Member of the North Carolina House of Representatives for Edgecombe County
- In office 1901–1903

Personal details
- Born: January 17, 1863 Edgecombe County, North Carolina
- Died: June 12, 1921 (aged 58) Rocky Mount, North Carolina

= Elijah L. Daughtridge =

American politician

Elijah Longstreet Daughtridge (January 17, 1863 – June 12, 1921) was a North Carolina politician who served as the 12th Lieutenant Governor of North Carolina from 1913 to 1917.
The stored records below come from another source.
lemma Lp_pow_le_opnorm_D:
  assumes p: "0 < p" and n: "0 \<le> n" and opnorm: "opnorm_D M p S \<le> ennreal n"
    and f: "strongly_measurable_everywhere M f" "Lp_pow M p f < \<infinity>"
    and Sf: "(\<lambda>x. norm (S f x)) \<in> borel_measurable M"
    and homogeneous: "\<And>c. 0 \<le> c \<Longrightarrow> S (\<lambda>x. c *\<^sub>R f x) = (\<lambda>x. c *\<^sub>R S f x)"
  shows "Lp_pow M p (S f) \<le> ennreal (n powr p) * Lp_pow M p f"
proof (rule ennreal_le_mult_if_scaled_le[OF f(2)])
  fix t :: real assume t: "0 < t" "ennreal t * Lp_pow M p f \<le> 1"
  define c where "c = t powr (1/p)"
  have c: "0 \<le> c" "c powr p = t"
    unfolding c_def using t p by (auto simp: powr_powr)
  have "strongly_measurable_everywhere M (\<lambda>x. c *\<^sub>R f x)"
    by (intro strongly_measurable_everywhere_scaleR f) simp
  moreover have "Lp_pow M p (\<lambda>x. c *\<^sub>R f x) \<le> 1"
    using Lp_pow_scaleR[OF strongly_measurable_everywhere_imp_borel_norm[OF f(1)] c(1)] c(2) t(2) by simp
  ultimately have "(\<lambda>x. c *\<^sub>R f x) \<in> {f\<in>LpD M p. Lp_norm M p f \<le> 1}"
    using Lp_norm_le_iff[of 1 p M] p ennreal_one_less_top
    by (auto simp: LpD_def strongly_measurable_everywhere_imp_strongly_measurable
        intro: le_less_trans)
  then have "Lp_norm M p (S (\<lambda>x. c *\<^sub>R f x)) \<le> opnorm_D M p S"
    unfolding opnorm_D_def by (rule SUP_upper)
  then have "Lp_norm M p (S (\<lambda>x. c *\<^sub>R f x)) \<le> ennreal n"
    using opnorm by (rule order_trans)
  then have "Lp_pow M p (S (\<lambda>x. c *\<^sub>R f x)) \<le> ennreal (n powr p)"
    using Lp_norm_le_iff[OF n p] by blast
  moreover have "Lp_pow M p (S (\<lambda>x. c *\<^sub>R f x)) = ennreal t * Lp_pow M p (S f)"
    using Lp_pow_scaleR[OF Sf c(1)] c(2) homogeneous[OF c(1)] by simp
  ultimately show "ennreal t * Lp_pow M p (S f) \<le> ennreal (n powr p)" by simp
qed simp

lemma AE_le_if_local_nn_integral_le:
  fixes U V :: "'a \<Rightarrow> ennreal"
  assumes [measurable]: "U \<in> borel_measurable M" "V \<in> borel_measurable M"
    and local: "\<And>E. E \<in> sets M \<Longrightarrow> 0 < emeasure M E \<Longrightarrow>
      \<exists>D\<in>sets M. D \<subseteq> E \<and> 0 < emeasure M D \<and>
        (\<integral>\<^sup>+x\<in>D. U x \<partial>M) \<le> (\<integral>\<^sup>+x\<in>D. V x \<partial>M) \<and> (\<integral>\<^sup>+x\<in>D. V x \<partial>M) < \<infinity>"
  shows "AE x in M. U x \<le> V x"
proof (rule ccontr)
  assume not_AE: "\<not> (AE x in M. U x \<le> V x)"
  define E where "E = {x\<in>space M. V x < U x}"
  have E: "E \<in> sets M" unfolding E_def by measurable
  have "0 < emeasure M E"
  proof (rule ccontr)
    assume "\<not> 0 < emeasure M E"
    then have "E \<in> null_sets M" using E by (simp add: null_sets_def)
    then have "AE x in M. U x \<le> V x" by (rule AE_I') (auto simp: E_def not_le)
    with not_AE show False by simp
  qed
  then obtain D where D: "D \<in> sets M" "D \<subseteq> E" "0 < emeasure M D"
    and le: "(\<integral>\<^sup>+x\<in>D. U x \<partial>M) \<le> (\<integral>\<^sup>+x\<in>D. V x \<partial>M)" and fin: "(\<integral>\<^sup>+x\<in>D. V x \<partial>M) < \<infinity>"
    using local[OF E] by blast
  have [measurable]: "D \<in> sets M" by (rule D(1))
  have "\<not> (AE x in M. U x * indicator D x \<le> V x * indicator D x)"
  proof
    assume "AE x in M. U x * indicator D x \<le> V x * indicator D x"
    then have "AE x in M. x \<notin> D"
      by eventually_elim (use D(2) in \<open>auto simp: E_def indicator_def not_le\<close>)
    then have "emeasure M D = 0"
      using AE_iff_measurable[OF D(1), of "\<lambda>x. x \<notin> D"] sets.sets_into_space[OF D(1)] by auto
    with D(3) show False by simp
  qed
  then have "(\<integral>\<^sup>+x\<in>D. V x \<partial>M) < (\<integral>\<^sup>+x\<in>D. U x \<partial>M)"
    using fin D(2) by (intro nn_integral_less) (auto simp: E_def indicator_def intro!: AE_I2)
  with le show False by simp
qed

lemma set_nn_integral_sum:
  assumes f: "\<And>i. i \<in> I \<Longrightarrow> f i \<in> borel_measurable M" and [measurable]: "A \<in> sets M"
  shows "(\<integral>\<^sup>+x\<in>A. (\<Sum>i\<in>I. f i x) \<partial>M) = (\<Sum>i\<in>I. \<integral>\<^sup>+x\<in>A. f i x \<partial>M)"
  unfolding sum_distrib_right
proof (rule nn_integral_sum)
  fix i assume "i \<in> I"
  note f[OF this, measurable]
  show "(\<lambda>x. f i x * indicator A x) \<in> borel_measurable M" by measurable
qed

lemma sum_set_nn_integral_le_nn_integral:
  fixes f :: "'a \<Rightarrow> ennreal"
  assumes K: "finite K" and disjoint: "disjoint_family_on A K"
    and A: "\<And>k. k \<in> K \<Longrightarrow> A k \<in> sets M" and f [measurable]: "f \<in> borel_measurable M"
  shows "(\<Sum>k\<in>K. \<integral>\<^sup>+x\<in>A k. f x \<partial>M) \<le> (\<integral>\<^sup>+x. f x \<partial>M)"
proof -
  have "(\<Sum>k\<in>K. \<integral>\<^sup>+x\<in>A k. f x \<partial>M) = (\<integral>\<^sup>+x. f x * (\<Sum>k\<in>K. indicator (A k) x) \<partial>M)"
    unfolding sum_distrib_left
  proof (rule nn_integral_sum[symmetric])
    fix k assume "k \<in> K"
    note A[OF this, measurable]
    show "(\<lambda>x. f x * indicator (A k) x) \<in> borel_measurable M" by measurable
  qed
  also have "\<dots> = (\<integral>\<^sup>+x. f x * indicator (\<Union>k\<in>K. A k) x \<partial>M)"
    by (simp add: indicator_UN_disjoint[OF K disjoint])
  also have "\<dots> \<le> (\<integral>\<^sup>+x. f x \<partial>M)"
    by (intro nn_integral_mono) (simp split: split_indicator)
  finally show ?thesis .
qed

section \<open>Nonsingular group actions\<close>

locale nonsingular_action =
  fixes M :: "'a measure" and \<alpha> :: "'g::group_add \<Rightarrow> 'a \<Rightarrow> 'a"
  assumes sigma_finite: "sigma_finite_measure M"
    and \<alpha>_add: "\<And>g h. \<alpha> (g + h) = \<alpha> g \<circ> \<alpha> h"
    and \<alpha>_zero: "\<alpha> 0 = id"
    and \<alpha>_measurable [measurable]: "\<And>g. \<alpha> g \<in> measurable M M"
    and null_vimage: "\<And>g N. N \<in> null_sets M \<Longrightarrow> \<alpha> g -` N \<inter> space M \<in> null_sets M"
begin

lemma \<alpha>_add_apply: "\<alpha> (g + h) x = \<alpha> g (\<alpha> h x)"
  using \<alpha>_add by (simp add: fun_eq_iff)

lemma \<alpha>_minus_cancel [simp]: "\<alpha> (- g) (\<alpha> g x) = x" "\<alpha> g (\<alpha> (- g) x) = x"
  using \<alpha>_add_apply[of "- g" g x] \<alpha>_add_apply[of g "- g" x] \<alpha>_zero by simp_all

lemma \<alpha>_space: "x \<in> space M \<Longrightarrow> \<alpha> g x \<in> space M"
  by (rule measurable_space[OF \<alpha>_measurable])

lemma image_eq_vimage: "\<alpha> (- g) ` A = \<alpha> g -` A"
  by (auto intro: image_eqI[of _ _ "\<alpha> g x" for x])

lemma vimage_subset_space: "A \<subseteq> space M \<Longrightarrow> \<alpha> g -` A \<subseteq> space M"
  using \<alpha>_space[of _ "- g"] by (metis \<alpha>_minus_cancel(1) subset_iff vimageE)

lemma vimage_sets: "A \<in> sets M \<Longrightarrow> \<alpha> g -` A \<in> sets M"
  using measurable_sets[OF \<alpha>_measurable, of A g] vimage_subset_space[of A g]
  by (simp add: Int_absorb2 sets.sets_into_space)

lemma vimage_null_sets: "A \<in> null_sets M \<Longrightarrow> \<alpha> g -` A \<in> null_sets M"
  using null_vimage[of A g] vimage_subset_space[of A g]
  by (simp add: Int_absorb2 null_sets.sets_into_space)

lemma image_null_sets: "A \<in> null_sets M \<Longrightarrow> \<alpha> g ` A \<in> null_sets M"
  using image_eq_vimage[of "- g" A] vimage_null_sets[of A "- g"] by simp

lemma AE_compose:
  assumes "AE x in M. P x"
  shows "AE x in M. P (\<alpha> g x)"
proof -
  obtain N where N: "{x\<in>space M. \<not> P x} \<subseteq> N" "N \<in> null_sets M"
    using assms by (auto elim!: AE_E simp: null_sets_def)
  have "{x\<in>space M. \<not> P (\<alpha> g x)} \<subseteq> \<alpha> g -` N"
    using N(1) \<alpha>_space by blast
  with vimage_null_sets[OF N(2)] show ?thesis by (rule AE_I')
qed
Daughtridge was born near Rocky Mount, North Carolina on January 17, 1863. A farmer and Democrat, he was elected to the North Carolina House of Representatives from Edgecombe County for two terms (1901 and 1903). Daughtridge operated several businesses, was a Rocky Mount city alderman and Edgecombe County commissioner, served on the state Board of Agriculture and sat on the Board of Trustees of North Carolina State University.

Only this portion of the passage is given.